» Exercise brief
Scan the entries that follow and work out how many lines contain "subseteq". Give the number and nothing else.

====== Data for processing ======

lemma coeff_square_sum_circle_le:
  assumes holo: "w holomorphic_on ball 0 1" and bound: "\<And>z. z \<in> ball 0 1 \<Longrightarrow> norm (w z) \<le> M"
    and r: "0 < r" "r < 1"
  shows "(\<Sum>k\<le>n. (norm (coeff w k))\<^sup>2 * r ^ (2*k)) \<le> M\<^sup>2"
proof -
  define a where "a = coeff w"
  define P where "P = (\<lambda>z. \<Sum>k\<le>n. a k * z ^ k)"
  define S where "S = (\<Sum>k\<le>n. (norm (a k))\<^sup>2 * r ^ (2*k))"
  let ?g = "circlepath 0 r"
  have "cnj (a k) * r ^ (2*k) * a k = of_real ((norm (a k))\<^sup>2 * r ^ (2*k))" for k
  proof -
    have "cnj (a k) * r ^ (2*k) * a k = (a k * cnj (a k)) * r ^ (2*k)"
      by (simp only: ac_simps)
    then show ?thesis
      by (simp only: complex_norm_square[symmetric] of_real_mult)
  qed
  then have S_eq: "(\<Sum>k\<le>n. cnj (a k) * r ^ (2*k) * a k) = of_real S"
    by (simp only: S_def of_real_sum)
  have integral_w: "((\<lambda>t. w (?g t) * cnj (P (?g t))) has_integral of_real S) {0..1}"
    using has_integral_circlepath_mult_cnj_polynomial[OF holo r, where a = a and n = n]
    unfolding P_def a_def[symmetric] S_eq .
  have "(\<Sum>k\<le>n. cnj (a k) * r ^ (2*k) * coeff P k) = of_real S"
    unfolding S_eq[symmetric] by (intro sum.cong) (simp_all add: P_def coeff_polynomial)
  moreover have "P holomorphic_on ball 0 1"
    unfolding P_def by (intro holomorphic_intros)
  ultimately have integral_P: "((\<lambda>t. P (?g t) * cnj (P (?g t))) has_integral of_real S) {0..1}"
    using has_integral_circlepath_mult_cnj_polynomial[OF _ r, where f = P and a = a and n = n] by (simp add: P_def)
  (* Integrating 2 Re (w cnj P) <= |w|^2 + |P|^2 <= M^2 + |P|^2 over the circle, where both
     w cnj P and |P|^2 integrate to S, yields 2 S <= M^2 + S. *)
  have "2 * Re (w (?g t) * cnj (P (?g t))) \<le> M\<^sup>2 + Re (P (?g t) * cnj (P (?g t)))" for t
  proof -
    have "norm (w (?g t)) \<le> M"
      using bound[of "?g t"] r by (simp add: circlepath norm_mult)
    then have "(norm (w (?g t)))\<^sup>2 \<le> M\<^sup>2"
      by (simp add: power_mono)
    then show ?thesis
      using two_Re_mult_cnj_le[of "w (?g t)" "P (?g t)"]
      by (simp only: cmod_power2 complex_mult_cnj Re_complex_of_real)
  qed
  then have "2 * S \<le> M\<^sup>2 + S"
    using has_integral_le[OF has_integral_mult_right[OF has_integral_Re[OF integral_w], of 2]
        has_integral_add[OF has_integral_const_real[of "M\<^sup>2" 0 1] has_integral_Re[OF integral_P]]]
    by simp
  then show ?thesis
    by (simp add: S_def a_def)
qed

lemma coeff_square_sum_le:
  assumes "w holomorphic_on ball 0 1" and "\<And>z. z \<in> ball 0 1 \<Longrightarrow> norm (w z) \<le> M"
  shows "(\<Sum>k\<le>n. (norm (coeff w k))\<^sup>2) \<le> M\<^sup>2"
proof -
  let ?S = "\<lambda>r::real. \<Sum>k\<le>n. (norm (coeff w k))\<^sup>2 * r ^ (2*k)"
  have "(?S \<longlongrightarrow> ?S 1) (at_left 1)"
    by (intro tendsto_intros)
  moreover have "eventually (\<lambda>r. r \<in> {0<..<1}) (at_left (1::real))"
    by (rule eventually_at_left_real) simp
  then have "eventually (\<lambda>r. ?S r \<le> M\<^sup>2) (at_left (1::real))"
    by (rule eventually_mono) (use coeff_square_sum_circle_le[OF assms] in auto)
  ultimately have "?S 1 \<le> M\<^sup>2"
    by (intro tendsto_upperbound) auto
  then show ?thesis by simp
qed

lemma cos_nonzero_on_unit_ball: "(z::complex) \<in> ball 0 1 \<Longrightarrow> cos z \<noteq> 0"
  using cos_eq_zero_imp_norm_ge[of z] pi_gt3 by auto

lemma fps_power_nth_less:
  fixes W :: "'a::comm_semiring_1 fps"
  assumes "W $ 0 = 0" and "n < i"
  shows "(W ^ i) $ n = 0"
proof (cases "W = 0")
  case False
  with assms(1) have "1 \<le> subdegree W"
    using subdegree_eq_0_iff[of W] by linarith
  with assms(2) show ?thesis
    by (intro fps_pow_nth_below_subdegree) (simp add: less_le_trans)
qed (use assms(2) in \<open>simp add: power_0_left\<close>)

lemma cos_subordination_fps_coeffs:
  fixes A W :: "complex fps"
  assumes eq: "(fps_cos 1 oo W) * (fps_X * fps_deriv A) = A * (1 + W)"
    and A0: "A $ 0 = 0" and A1: "A $ 1 = 1" and W0: "W $ 0 = 0"
  shows "A $ 2 = W $ 1"
    and "A $ 3 = W $ 2 / 2 + 3/4 * (W $ 1)\<^sup>2"
    and "A $ 4 = W $ 3 / 3 + 5/6 * W $ 1 * W $ 2 + 7/12 * (W $ 1) ^ 3"
proof -
  have cos2: "fps_cos 1 $ 2 = (-1/2 :: complex)"
    using fps_cos_nth_add_2[of "1::complex" 0] by (simp add: numeral_2_eq_2)
  have cos3: "fps_cos 1 $ 3 = (0 :: complex)"
    using fps_cos_nth_add_2[of "1::complex" 1] by (simp add: numeral_3_eq_3)
  have nth_eq: "((fps_cos 1 oo W) * (fps_X * fps_deriv A)) $ n = (A * (1 + W)) $ n" for n
    using eq by simp
  note simps = fps_mult_nth fps_compose_nth eval_nat_numeral fps_power_nth_less[OF W0]
  show A2: "A $ 2 = W $ 1"
    using nth_eq[of 2] A0 A1 W0 by (simp add: simps)
  have "2 * A $ 3 - W $ 1 * W $ 1 / 2 = W $ 2 + A $ 2 * W $ 1"
    using nth_eq[of 3] A0 A1 W0 cos2 by (simp add: simps)
  then show A3: "A $ 3 = W $ 2 / 2 + 3/4 * (W $ 1)\<^sup>2"
    unfolding A2 by (simp add: field_simps power2_eq_square)
  have "3 * A $ 4 - W $ 1 * (W $ 1 * A $ 2) - W $ 1 * W $ 2 = W $ 3 + A $ 2 * W $ 2 + A $ 3 * W $ 1"
    using nth_eq[of 4] A0 A1 W0 cos2 cos3 by (simp add: simps algebra_simps)
  then show "A $ 4 = W $ 3 / 3 + 5/6 * W $ 1 * W $ 2 + 7/12 * (W $ 1) ^ 3"
    unfolding A2 A3 by (simp add: field_simps power2_eq_square power3_eq_cube)
qed

lemma cos_subordination_coeffs:
  assumes f: "classA f" and f_nonzero: "\<forall>z\<in>ball 0 1 - {0}. f z \<noteq> 0"
    and w: "w holomorphic_on ball 0 1" "w 0 = 0" "w ` ball 0 1 \<subseteq> ball 0 1"
    and quot: "\<forall>z\<in>ball 0 1. starlike_quot f z = (1 + w z) / cos (w z)"
  shows "coeff f 2 = coeff w 1"
    and "coeff f 3 = coeff w 2 / 2 + 3/4 * (coeff w 1)\<^sup>2"
    and "coeff f 4 = coeff w 3 / 3 + 5/6 * coeff w 1 * coeff w 2 + 7/12 * (coeff w 1) ^ 3"
proof -
  have f_holo: "f holomorphic_on ball 0 1" and f0: "f 0 = 0" and f'0: "deriv f 0 = 1"
    using f by (auto simp: classA_def)
  have identity: "cos (w z) * (z * deriv f z) = f z * (1 + w z)" if z: "z \<in> ball 0 1" for z
  proof (cases "z = 0")
    case False
    have "cos (w z) \<noteq> 0"
      using w(3) z by (intro cos_nonzero_on_unit_ball) blast
    moreover have "f z \<noteq> 0"
      using f_nonzero z False by simp
    moreover have "z * deriv f z / f z = (1 + w z) / cos (w z)"
      using bspec[OF quot z] False by (simp add: starlike_quot_def)
    ultimately show ?thesis
      by (simp add: field_simps)
  qed (simp add: f0 w(2))
  define A where "A = fps_expansion f 0"
  define W where "W = fps_expansion w 0"
  have A: "f has_fps_expansion A"
    unfolding A_def using f_holo by (intro has_fps_expansion_fps_expansion) auto
  have W: "w has_fps_expansion W"
    unfolding W_def using w(1) by (intro has_fps_expansion_fps_expansion) auto
  have A0: "A $ 0 = 0" and A1: "A $ 1 = 1" and W0: "W $ 0 = 0"
    by (simp_all add: A_def W_def fps_expansion_def f0 f'0 w(2))
  have "eventually (\<lambda>z. z \<in> ball 0 1) (nhds (0::complex))"
    by (intro eventually_nhds_in_open) auto
  then have near_0: "eventually (\<lambda>z. cos (w z) * (z * deriv f z) = f z * (1 + w z)) (nhds 0)"
    by (rule eventually_mono) (use identity in auto)
  have "(\<lambda>z. cos (w z) * (z * deriv f z)) has_fps_expansion (fps_cos 1 oo W) * (fps_X * fps_deriv A)"
    using has_fps_expansion_compose[OF has_fps_expansion_cos' W W0]
    by (auto simp: o_def intro!: has_fps_expansion_mult has_fps_expansion_deriv A has_fps_expansion_fps_X)
  then have "(\<lambda>z. f z * (1 + w z)) has_fps_expansion (fps_cos 1 oo W) * (fps_X * fps_deriv A)"
    using has_fps_expansion_cong[OF near_0 refl] by simp
  moreover have "(\<lambda>z. f z * (1 + w z)) has_fps_expansion A * (1 + W)"
    by (intro has_fps_expansion_mult has_fps_expansion_add A W has_fps_expansion_1)
  ultimately have "(fps_cos 1 oo W) * (fps_X * fps_deriv A) = A * (1 + W)"
    by (rule fps_expansion_unique_complex)
  then show "coeff f 2 = coeff w 1"
    and "coeff f 3 = coeff w 2 / 2 + 3/4 * (coeff w 1)\<^sup>2"
    and "coeff f 4 = coeff w 3 / 3 + 5/6 * coeff w 1 * coeff w 2 + 7/12 * (coeff w 1) ^ 3"
    unfolding coeff_eq_fps_nth[OF A] coeff_eq_fps_nth[OF W] using A0 A1 W0
    by (rule cos_subordination_fps_coeffs)+
qed

lemma hankel_majorant_le:
  fixes x y z :: real
  assumes "0 \<le> x" "0 \<le> y" "0 \<le> z" and sq: "x\<^sup>2 + y\<^sup>2 + z\<^sup>2 \<le> 1"
  shows "x * z / 3 + x\<^sup>2 * y / 12 + x ^ 4 / 48 + y\<^sup>2 / 4 \<le> 1/4"
proof -
  have "x\<^sup>2 \<le> 1" "y\<^sup>2 \<le> 1"
    using sq zero_le_power2[of x] zero_le_power2[of y] zero_le_power2[of z] by linarith+
  then have "x \<le> 1" "y \<le> 1"
    using assms(1,2) by (simp_all add: power_le_one_iff)
  then have "x\<^sup>2 * y \<le> x\<^sup>2" "x ^ 4 \<le> x\<^sup>2"
    using assms(1) by (simp_all add: mult_left_le power_decreasing)
  moreover have "16 * x * z \<le> 7 * x\<^sup>2 + 12 * z\<^sup>2"
  proof -
    have "0 \<le> 7 * (x - 8/7 * z)\<^sup>2 + 20/7 * z\<^sup>2" by simp
    then show ?thesis by (simp add: power2_eq_square algebra_simps)
  qed
  ultimately show ?thesis
    using sq by linarith
qed

lemma hankel_bound:
  fixes c1 c2 c3 :: complex
  assumes "(norm c1)\<^sup>2 + (norm c2)\<^sup>2 + (norm c3)\<^sup>2 \<le> 1"
  shows "norm (c1 * (c3 / 3 + 5/6 * c1 * c2 + 7/12 * c1 ^ 3) - (c2 / 2 + 3/4 * c1\<^sup>2)\<^sup>2) \<le> 1/4"
proof -
  have "c1 * (c3 / 3 + 5/6 * c1 * c2 + 7/12 * c1 ^ 3) - (c2 / 2 + 3/4 * c1\<^sup>2)\<^sup>2
          = c1 * c3 / 3 + c1\<^sup>2 * c2 / 12 + c1 ^ 4 / 48 - c2\<^sup>2 / 4"
    by (simp add: field_simps power2_eq_square power3_eq_cube power4_eq_xxxx)
  also have "norm \<dots> \<le> norm (c1 * c3 / 3) + norm (c1\<^sup>2 * c2 / 12) + norm (c1 ^ 4 / 48) + norm (c2\<^sup>2 / 4)"
    using norm_triangle_ineq4[of "c1 * c3 / 3 + c1\<^sup>2 * c2 / 12 + c1 ^ 4 / 48" "c2\<^sup>2 / 4"]
      norm_triangle_ineq[of "c1 * c3 / 3 + c1\<^sup>2 * c2 / 12" "c1 ^ 4 / 48"]
      norm_triangle_ineq[of "c1 * c3 / 3" "c1\<^sup>2 * c2 / 12"]
    by linarith
  also have "\<dots> = norm c1 * norm c3 / 3 + (norm c1)\<^sup>2 * norm c2 / 12 + (norm c1) ^ 4 / 48 + (norm c2)\<^sup>2 / 4"
    by (simp add: norm_mult norm_divide norm_power)
  also have "\<dots> \<le> 1/4"
    by (rule hankel_majorant_le) (use assms in auto)
  finally show ?thesis .
qed

lemma starlike_quot_prescribed:
  assumes holo: "p holomorphic_on ball 0 1" and p0: "p 0 = 1"
  obtains f where "classA f" "\<forall>z\<in>ball 0 1 - {0}. f z \<noteq> 0"
    "\<forall>z\<in>ball 0 1. starlike_quot f z = p z"
proof -
  define q where "q = (\<lambda>z. if z = 0 then deriv p 0 else (p z - p 0) / (z - 0))"
  have "q holomorphic_on ball 0 1"
    unfolding q_def by (rule pole_lemma[OF holo]) simp
  then obtain G0 where G0: "\<And>z. z \<in> ball 0 1 \<Longrightarrow> (G0 has_field_derivative q z) (at z within ball 0 1)"
    using holomorphic_convex_primitive'[OF convex_ball open_ball] by metis
  define G where "G = (\<lambda>z. G0 z - G0 0)"
  have G_deriv: "(G has_field_derivative q z) (at z)" if "z \<in> ball 0 1" for z
    using G0[OF that] unfolding G_def at_within_open[OF that open_ball]
    by (auto intro!: derivative_eq_intros)
  define f where "f = (\<lambda>z. z * exp (G z))"
  have f_deriv: "(f has_field_derivative exp (G z) * p z) (at z)" if "z \<in> ball 0 1" for z
  proof -
    have "(f has_field_derivative exp (G z) * (1 + z * q z)) (at z)"
      unfolding f_def using G_deriv[OF that]
      by (auto intro!: derivative_eq_intros simp: algebra_simps)
    moreover have "1 + z * q z = p z"
      using p0 by (simp add: q_def)
    ultimately show ?thesis by simp
  qed
  have "f holomorphic_on ball 0 1"
    using f_deriv holomorphic_on_open[OF open_ball] by blast
  moreover have "deriv f 0 = 1"
    using DERIV_imp_deriv[OF f_deriv[of 0]] p0 by (simp add: G_def)
  ultimately have "classA f"
    by (simp add: classA_def f_def)
  moreover have "starlike_quot f z = p z" if "z \<in> ball 0 1" for z
    using DERIV_imp_deriv[OF f_deriv[OF that]] p0 by (simp add: starlike_quot_def f_def)
  ultimately show ?thesis
    using that by (simp add: f_def)
qed

lemma Snc_hankel_le:
  assumes "Snc f"
  shows "norm (coeff f 2 * coeff f 4 - (coeff f 3)\<^sup>2) \<le> 1/4"
proof -
  obtain w where w: "w holomorphic_on ball 0 1" "w 0 = 0" "w ` ball 0 1 \<subseteq> ball 0 1"
    and quot: "\<forall>z\<in>ball 0 1. starlike_quot f z = (1 + w z) / cos (w z)"
    using assms unfolding Snc_def subordinate_def by blast
  have "norm (w z) \<le> 1" if "z \<in> ball 0 1" for z
    using w(3) that by (simp add: image_subset_iff less_imp_le)
  then have "(\<Sum>k\<le>3. (norm (coeff w k))\<^sup>2) \<le> 1\<^sup>2"
    by (intro coeff_square_sum_le[OF w(1)])
  moreover have "coeff w 0 = 0"
    using w(2) by (simp add: coeff_def)
  ultimately have "(norm (coeff w 1))\<^sup>2 + (norm (coeff w 2))\<^sup>2 + (norm (coeff w 3))\<^sup>2 \<le> 1"
    by (simp add: eval_nat_numeral)
  then have "norm (coeff w 1 * (coeff w 3 / 3 + 5/6 * coeff w 1 * coeff w 2 + 7/12 * (coeff w 1) ^ 3)
               - (coeff w 2 / 2 + 3/4 * (coeff w 1)\<^sup>2)\<^sup>2) \<le> 1/4"
    by (rule hankel_bound)
  moreover have f: "classA f" "\<forall>z\<in>ball 0 1 - {0}. f z \<noteq> 0"
    using assms by (simp_all add: Snc_def)
  ultimately show ?thesis
    by (simp only: cos_subordination_coeffs[OF f w quot])
qed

======

» Written solution
2